3½ cups heavy cream, separated
½ vanilla bean, scraped
9 ounces butterscotch chips
6 extra-large egg yolks
¼ cup dark brown sugar
½ cup cream, room temperature
¼ cup water
2 tablespoons Scotch liquor

Preheat oven to 325 degrees F and place oven rack in center position.

Place butterscotch chips in bowl large enough to accommodate all ingredients. Add to medium saucepan 3 cups cream, vanilla bean scrapings, and salt. Whisk to combine and heat to near boil. Pour cream over butterscotch chips; allow to sit for a few minutes, then whisk until chips are melted. Set mixture aside.

Combine water and brown sugar in small saucepan, and cook until sugar slows and bubbles are dime sized — mixture should smell like caramel. Turn off heat and let sit for 1 minute. Carefully add reserved ½ cup cream and Scotch to the brown sugar. Whisk to dissolve. 
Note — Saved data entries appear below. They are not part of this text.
(* Let $R$ be a ring satisfying condition (C): every subring of $Q_{\max}^r(R)$ containing $R$ is flat as a left $R$-module. Then for every successor ordinal $\alpha$, the Gabriel filter $\mathcal{E}_\alpha$ (defined in the context) has a basis consisting of finitely generated right ideals, i.e. for every $I\in\mathcal{E}_\alpha$ there is a finitely generated right ideal $J\in\mathcal{E}_\alpha$ with $J\subseteq I$.
   Context: Rings are associative with unit; modules are right modules. For a Gabriel filter $\mathcal{E}$ of right ideals of $R$ (equivalently a hereditary torsion theory whose torsion modules $M$ are those with $\{r: mr=0\}\in\mathcal{E}$ for all $m\in M$), $R_{\mathcal{E}}=\varinjlim_{I\in\mathcal{E}}\mathrm{Hom}_R(I,R/\mathcal{T}R)$ is its right ring of quotients. The rings $Q_\alpha\subseteq Q_{\max}^r(R)$ and filters $\mathcal{E}_\alpha$ are defined by transfinite induction: $\mathcal{E}_0$ is the set of dense right ideals and $Q_0=Q_{\max}^r(R)$; $\mathcal{E}_{\alpha+1}=\{I \text{ right ideal of } R: IQ_\alpha=Q_\alpha\}$ (the Gabriel filter of the torsion theory whose torsion modules are the $M$ with $M\otimes_R Q_\alpha=0$) and $Q_{\alpha+1}=R_{\mathcal{E}_{\alpha+1}}$; for limit $\alpha$, $\mathcal{E}_\alpha=\bigcap_{\beta<\alpha}\mathcal{E}_\beta$ and $Q_\alpha=R_{\mathcal{E}_\alpha}$. *)

theory Defs
  imports "HOL-Algebra.Subrings" "HOL-Algebra.AbelCoset"
begin

definition right_ideal :: "('a, 'm) ring_scheme \<Rightarrow> 'a set \<Rightarrow> bool" where
  "right_ideal R I \<longleftrightarrow> additive_subgroup I R \<and>
     (\<forall>x\<in>I. \<forall>r\<in>carrier R. x \<otimes>\<^bsub>R\<^esub> r \<in> I)"

definition right_ideal_gen :: "('a, 'm) ring_scheme \<Rightarrow> 'a set \<Rightarrow> 'a set" where
  "right_ideal_gen R F = \<Inter>{J. right_ideal R J \<and> F \<subseteq> J}"

definition fg_right_ideal :: "('a, 'm) ring_scheme \<Rightarrow> 'a set \<Rightarrow> bool" where
  "fg_right_ideal R I \<longleftrightarrow> right_ideal R I \<and>
     (\<exists>F. finite F \<and> F \<subseteq> carrier R \<and> I = right_ideal_gen R F)"

definition dense_right_ideal :: "('a, 'm) ring_scheme \<Rightarrow> 'a set \<Rightarrow> bool" where
  "dense_right_ideal R D \<longleftrightarrow> right_ideal R D \<and>
     (\<forall>r1\<in>carrier R. \<forall>r2\<in>carrier R. r2 \<noteq> \<zero>\<^bsub>R\<^esub> \<longrightarrow>
        (\<exists>r\<in>carrier R. r1 \<otimes>\<^bsub>R\<^esub> r \<in> D \<and> r2 \<otimes>\<^bsub>R\<^esub> r \<noteq> \<zero>\<^bsub>R\<^esub>))"

section \<open>The maximal right ring of quotients as direct limit of Hom_R(D,R), D dense\<close>

definition rhom_on :: "('a, 'm) ring_scheme \<Rightarrow> 'a set \<Rightarrow> ('a \<Rightarrow> 'a) \<Rightarrow> bool" where
  "rhom_on R D f \<longleftrightarrow> (\<forall>x\<in>D. f x \<in> carrier R) \<and>
     (\<forall>x\<in>D. \<forall>y\<in>D. f (x \<oplus>\<^bsub>R\<^esub> y) = f x \<oplus>\<^bsub>R\<^esub> f y) \<and>
     (\<forall>x\<in>D. \<forall>r\<in>carrier R. f (x \<otimes>\<^bsub>R\<^esub> r) = f x \<otimes>\<^bsub>R\<^esub> r)"

definition qrep :: "('a, 'm) ring_scheme \<Rightarrow> 'a set \<times> ('a \<Rightarrow> 'a) \<Rightarrow> bool" where
  "qrep R p \<longleftrightarrow> dense_right_ideal R (fst p) \<and> rhom_on R (fst p) (snd p)"

definition qequiv :: "('a, 'm) ring_scheme \<Rightarrow> 'a set \<times> ('a \<Rightarrow> 'a) \<Rightarrow> 'a set \<times> ('a \<Rightarrow> 'a) \<Rightarrow> bool" where
  "qequiv R p q \<longleftrightarrow> (\<exists>D. dense_right_ideal R D \<and> D \<subseteq> fst p \<inter> fst q \<and>
      (\<forall>x\<in>D. snd p x = snd q x))"

definition qclass :: "('a, 'm) ring_scheme \<Rightarrow> 'a set \<times> ('a \<Rightarrow> 'a) \<Rightarrow> ('a set \<times> ('a \<Rightarrow> 'a)) set" where
  "qclass R p = {q. qrep R q \<and> qequiv R p q}"

definition Qmax_carrier :: "('a, 'm) ring_scheme \<Rightarrow> ('a set \<times> ('a \<Rightarrow> 'a)) set set" where
  "Qmax_carrier R = {qclass R p | p. qrep R p}"

definition qadd :: "('a, 'm) ring_scheme \<Rightarrow> ('a set \<times> ('a \<Rightarrow> 'a)) set \<Rightarrow> ('a set \<times> ('a \<Rightarrow> 'a)) set
    \<Rightarrow> ('a set \<times> ('a \<Rightarrow> 'a)) set" where
  "qadd R A B = (let p = (SOME p. p \<in> A); q = (SOME q. q \<in> B) in
     qclass R (fst p \<inter> fst q, \<lambda>x. add R (snd p x) (snd q x)))"

definition qmul :: "('a, 'm) ring_scheme \<Rightarrow> ('a set \<times> ('a \<Rightarrow> 'a)) set \<Rightarrow> ('a set \<times> ('a \<Rightarrow> 'a)) set
    \<Rightarrow> ('a set \<times> ('a \<Rightarrow> 'a)) set" where
  "qmul R A B = (let p = (SOME p. p \<in> A); q = (SOME q. q \<in> B) in
     qclass R ({x \<in> fst q. snd q x \<in> fst p}, \<lambda>x. snd p (snd q x)))"

definition qemb :: "('a, 'm) ring_scheme \<Rightarrow> 'a \<Rightarrow> ('a set \<times> ('a \<Rightarrow> 'a)) set" where
  "qemb R r = qclass R (carrier R, \<lambda>x. r \<otimes>\<^bsub>R\<^esub> x)"

definition Qmax :: "('a, 'm) ring_scheme \<Rightarrow> ('a set \<times> ('a \<Rightarrow> 'a)) set ring" where
  "Qmax R = \<lparr> carrier = Qmax_carrier R, mult = qmul R, one = qemb R \<one>\<^bsub>R\<^esub>,
             zero = qemb R \<zero>\<^bsub>R\<^esub>, add = qadd R \<rparr>"

definition qsum :: "('a, 'm) ring_scheme \<Rightarrow> ('a set \<times> ('a \<Rightarrow> 'a)) set list \<Rightarrow> ('a set \<times> ('a \<Rightarrow> 'a)) set" where
  "qsum R xs = foldr (qadd R) xs (qemb R \<zero>\<^bsub>R\<^esub>)"

text \<open>For a Gabriel filter E of right ideals with R E-torsionfree and E contained in the
  dense filter, R_E = lim_{I \<in> E} Hom_R(I,R) is identified with the elements of Q_max
  having a representative defined on an ideal of E.\<close>
definition ring_of_quotients :: "('a, 'm) ring_scheme \<Rightarrow> 'a set set \<Rightarrow> ('a set \<times> ('a \<Rightarrow> 'a)) set set" where
  "ring_of_quotients R E = {A \<in> Qmax_carrier R. \<exists>p\<in>A. fst p \<in> E}"

definition ideal_ext :: "('a, 'm) ring_scheme \<Rightarrow> 'a set \<Rightarrow> ('a set \<times> ('a \<Rightarrow> 'a)) set set
    \<Rightarrow> ('a set \<times> ('a \<Rightarrow> 'a)) set set" where
  "ideal_ext R I Q = {qsum R (map (\<lambda>(i, q). qmul R (qemb R i) q) xs) | xs. set xs \<subseteq> I \<times> Q}"

definition is_succ :: "'o::wellorder \<Rightarrow> bool" where
  "is_succ \<alpha> \<longleftrightarrow> (\<exists>\<beta>. \<beta> < \<alpha> \<and> (\<forall>\<gamma>. \<not> (\<beta> < \<gamma> \<and> \<gamma> < \<alpha>)))"

definition filt_step :: "('a, 'm) ring_scheme \<Rightarrow> ('o::wellorder \<Rightarrow> 'a set set) \<Rightarrow> 'o \<Rightarrow> 'a set set" where
  "filt_step R h \<alpha> =
    (if is_succ \<alpha> then
       (let \<beta> = (THE \<beta>. \<beta> < \<alpha> \<and> (\<forall>\<gamma>. \<not> (\<beta> < \<gamma> \<and> \<gamma> < \<alpha>)));
            Q = ring_of_quotients R (h \<beta>)
        in {I. right_ideal R I \<and> ideal_ext R I Q = Q})
     else if (\<exists>\<beta>. \<beta> < \<alpha>) then {I. right_ideal R I \<and> (\<forall>\<beta><\<alpha>. I \<in> h \<beta>)}
     else {D. dense_right_ideal R D})"

text \<open>E_alpha; Q_alpha = ring_of_quotients R (E_alpha) (for alpha = 0 this is all of Q_max)\<close>
definition filt_seq :: "('a, 'm) ring_scheme \<Rightarrow> 'o::wellorder \<Rightarrow> 'a set set" where
  "filt_seq R = wfrec {(x, y). x < y} (filt_step R)"

text \<open>Formal Z-combinations of pairs (i, s) and the relation subgroup defining I \<otimes>_R S\<close>
definition fdelta :: "'b \<Rightarrow> 'b \<Rightarrow> int" where
  "fdelta p = (\<lambda>q. if q = p then 1 else 0)"
lemma conj_commuting_A4_coords:
  "conj_commuting (A4_coords :: 'a::idom coords monoid) = unipotent_coords"
proof (intro equalityI subsetI)
  fix x :: "'a coords"
  assume x: "x \<in> conj_commuting A4_coords"
  obtain a d g u v where x_eq: "x = (a, d, g, u, v)"
    by (cases x)
  with x have "u dvd 1" "v dvd 1"
    by (auto simp: conj_commuting_def A4_coords_def)
  txt \<open>\<open>y\<close> is the conjugate of \<open>x\<close> by \<open>(1, 0, 1, 1, 1)\<close>; they commute only if
    \<open>(u - 1)\<^sup>2 = (v - 1)\<^sup>2 = 0\<close>.\<close>
  define y :: "'a coords" where "y = (a + u - 1, d, g + 1 - v, u, v)"
  have "y \<otimes>\<^bsub>A4_coords\<^esub> (1, 0, 1, 1, 1) = (1, 0, 1, 1, 1) \<otimes>\<^bsub>A4_coords\<^esub> x"
    "y \<in> carrier A4_coords" "(1, 0, 1, 1, 1) \<in> carrier A4_coords"
    using \<open>u dvd 1\<close> \<open>v dvd 1\<close> by (simp_all add: x_eq y_def A4_coords_def algebra_simps)
  then have "x \<otimes>\<^bsub>A4_coords\<^esub> y = y \<otimes>\<^bsub>A4_coords\<^esub> x"
    using x unfolding conj_commuting_def by blast
  then have "(u - 1) * (u - 1) = 0" "(v - 1) * (v - 1) = 0"
    by (auto simp: x_eq y_def A4_coords_def algebra_simps)
  then show "x \<in> unipotent_coords"
    by (simp add: x_eq unipotent_coords_def)
next
  fix x :: "'a coords"
  assume "x \<in> unipotent_coords"
  then obtain a d g where x_eq: "x = (a, d, g, 1, 1)"
    by (auto simp: unipotent_coords_def)
  have "x \<otimes>\<^bsub>A4_coords\<^esub> y = y \<otimes>\<^bsub>A4_coords\<^esub> x"
    if "h \<in> carrier A4_coords" "y \<in> carrier A4_coords"
      "y \<otimes>\<^bsub>A4_coords\<^esub> h = h \<otimes>\<^bsub>A4_coords\<^esub> x" for h y :: "'a coords"
  proof -
    obtain p q s u v where h: "h = (p, q, s, u, v)"
      by (cases h)
    obtain y1 y2 y3 yu yv where y: "y = (y1, y2, y3, yu, yv)"
      by (cases y)
    have "u \<noteq> 0" "v \<noteq> 0"
      using that(1) by (auto simp: h A4_coords_def)
    with that(3) have "yu = 1" "yv = 1"
      by (auto simp: A4_coords_def h y x_eq)
    then show ?thesis
      by (simp add: A4_coords_def x_eq y algebra_simps)
  qed
  then show "x \<in> conj_commuting A4_coords"
    by (auto simp: conj_commuting_def A4_coords_def x_eq)
qed

lemma mem_centralizer_A4_coords_iff:
  "(a, d, g, 1, 1) \<in> centralizer A4_coords (p, q, s, u, v) \<longleftrightarrow>
   (a = 0 \<or> u = (1::'a::idom)) \<and> (d = 0 \<or> v = u) \<and> (g = 0 \<or> v = 1)"
proof -
  have "(a, d, g, 1, 1) \<in> centralizer A4_coords (p, q, s, u, v) \<longleftrightarrow>
      a * u = a * 1 \<and> d * v = d * u \<and> g * v = g * 1"
    by (auto simp: centralizer_def A4_coords_def algebra_simps)
  also have "\<dots> \<longleftrightarrow> (a = 0 \<or> u = 1) \<and> (d = 0 \<or> v = u) \<and> (g = 0 \<or> v = 1)"
    by (simp only: mult_cancel_left)
  finally show ?thesis .
qed

lemma unipotent_centralizer_eq:
  "unipotent_coords \<inter> centralizer A4_coords (p, q, s, u, v) =
    {(a, d, g, 1, 1) | a d g. (a = 0 \<or> u = (1::'a::idom)) \<and> (d = 0 \<or> v = u) \<and> (g = 0 \<or> v = 1)}"
  by (auto simp: unipotent_coords_def mem_centralizer_A4_coords_iff)

lemma unipotent_centralizer_cases:
  assumes "h \<in> carrier (A4_coords :: 'a::idom coords monoid)"
  shows "unipotent_coords \<inter> centralizer A4_coords h \<in> {unipotent_coords,
    root_subgroup (1, 2), root_subgroup (2, 3), root_subgroup (3, 4), {\<one>\<^bsub>A4_coords\<^esub>}}"
proof -
  obtain p q s u v where h: "h = (p, q, s, u, v)"
    by (cases h)
  have eq: "unipotent_coords \<inter> centralizer A4_coords h =
      {(a, d, g, 1, 1) | a d g. (a = 0 \<or> u = 1) \<and> (d = 0 \<or> v = u) \<and> (g = 0 \<or> v = 1)}"
    unfolding h by (rule unipotent_centralizer_eq)
  consider "u = 1" "v = 1" | "u = 1" "v \<noteq> 1" | "u \<noteq> 1" "v = u" | "u \<noteq> 1" "v \<noteq> u" "v = 1"
    | "u \<noteq> 1" "v \<noteq> u" "v \<noteq> 1"
    by blast
  then show ?thesis
  proof cases
    case 1
    then have "unipotent_coords \<inter> centralizer A4_coords h = unipotent_coords"
      unfolding eq by (simp add: unipotent_coords_def)
    then show ?thesis by simp
  next
    case 2
    then have "unipotent_coords \<inter> centralizer A4_coords h = root_subgroup (1, 2)"
      unfolding eq by (auto simp: root_subgroup_def root_def)
    then show ?thesis by simp
  next
    case 3
    then have "unipotent_coords \<inter> centralizer A4_coords h = root_subgroup (2, 3)"
      unfolding eq by (auto simp: root_subgroup_def root_def)
    then show ?thesis by simp
  next
    case 4
    then have "unipotent_coords \<inter> centralizer A4_coords h = root_subgroup (3, 4)"
      unfolding eq by (auto simp: root_subgroup_def root_def)
    then show ?thesis by simp
  next
    case 5
    then have "unipotent_coords \<inter> centralizer A4_coords h = {\<one>\<^bsub>A4_coords\<^esub>}"
      unfolding eq by (auto simp: A4_coords_def)
    then show ?thesis by simp
  qed
qed
text \<open>A segment of length
  n \<ge> 3 consists of a part of length n div 2, a part of length (n - 1) div 2, and one more vertex:
  \<^item> Mid: left part (root at its right end), the root n div 2, right part (root at its left end),
    both parts joined to the root by path edges;
  \<^item> Right: left part (root in the middle, joined by a chord), right part (root at its right end,
    joined by a path edge), the root n - 1;
  \<^item> Left: the root 0, left part (root at its left end, joined by a path edge), right part
    (root in the middle, joined by a chord).\<close>
fun chords :: "root_pos \<Rightarrow> nat \<Rightarrow> nat set set" where
  "chords k n = (if n \<le> 2 then {} else (case k of
     Mid \<Rightarrow> chords Right (n div 2) \<union> shift (n div 2 + 1) (chords Left ((n - 1) div 2))
   | Right \<Rightarrow> chords Mid (n div 2) \<union> shift (n div 2) (chords Right ((n - 1) div 2))
              \<union> {{root Mid (n div 2), n - 1}}
   | Left \<Rightarrow> shift 1 (chords Left (n div 2)) \<union> shift (n div 2 + 1) (chords Mid ((n - 1) div 2))
              \<union> {{0, n div 2 + 1 + root Mid ((n - 1) div 2)}}))"

declare chords.simps [simp del]

lemma chords_small: "n \<le> 2 \<Longrightarrow> chords k n = {}"
  by (subst chords.simps) simp

lemma chords_Mid: "3 \<le> n \<Longrightarrow>
    chords Mid n = chords Right (n div 2) \<union> shift (n div 2 + 1) (chords Left ((n - 1) div 2))"
  by (subst chords.simps) simp

lemma chords_Right: "3 \<le> n \<Longrightarrow>
    chords Right n = chords Mid (n div 2) \<union> shift (n div 2) (chords Right ((n - 1) div 2))
                     \<union> {{root Mid (n div 2), n - 1}}"
  by (subst chords.simps) simp

lemma chords_Left: "3 \<le> n \<Longrightarrow>
    chords Left n = shift 1 (chords Left (n div 2)) \<union> shift (n div 2 + 1) (chords Mid ((n - 1) div 2))
                    \<union> {{0, n div 2 + 1 + root Mid ((n - 1) div 2)}}"
  by (subst chords.simps) simp

lemma halves:
  fixes n :: nat assumes "3 \<le> n"
  shows "n div 2 < n" "(n - 1) div 2 < n" "1 \<le> (n - 1) div 2" "(n - 1) div 2 \<le> n div 2"
        "n div 2 + (n - 1) div 2 + 1 = n" "n div 2 div 2 < n div 2" "(n - 1) div 2 div 2 < (n - 1) div 2"
  using assms by presburger+

lemma shift_Un: "shift k (A \<union> B) = shift k A \<union> shift k B"
  by (simp add: shift_def image_Un)

lemma shift_0 [simp]: "shift 0 M = M"
  by (simp add: shift_def)

lemma mem_shift: "e \<in> shift k M \<longleftrightarrow> (\<exists>e'\<in>M. e = (+) k ` e')"
  by (auto simp: shift_def)

lemma card_shift_le: "finite M \<Longrightarrow> card (shift k M) \<le> card M"
  by (simp add: shift_def card_image_le)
Next, add mixture in saucepan to cream-and-butterscotch mixture. (This is your pudding base.) Add a cup or more of pudding base to the yolks; then whisk the yolk mixture back into the pudding base. 

Pour pudding mixture into shallow ovenproof dish measuring at least 8 inches long. Cover dish with foil. Place a rimmed cookie sheet (or low-sided roasting pan) into the oven and place pudding dish on the sheet. Carefully pour hot water into the cookie sheet or roasting pan, ¾ to 1 inch deep.

Bake pudding until just set (there will be a slight jiggle). Timing will vary by oven. Remove from oven and strain into individual cups, 4 to 6 ounces in each. Cover and refrigerate until set (minimum 5 hours).

Serve chilled with lightly sweetened whipped cream.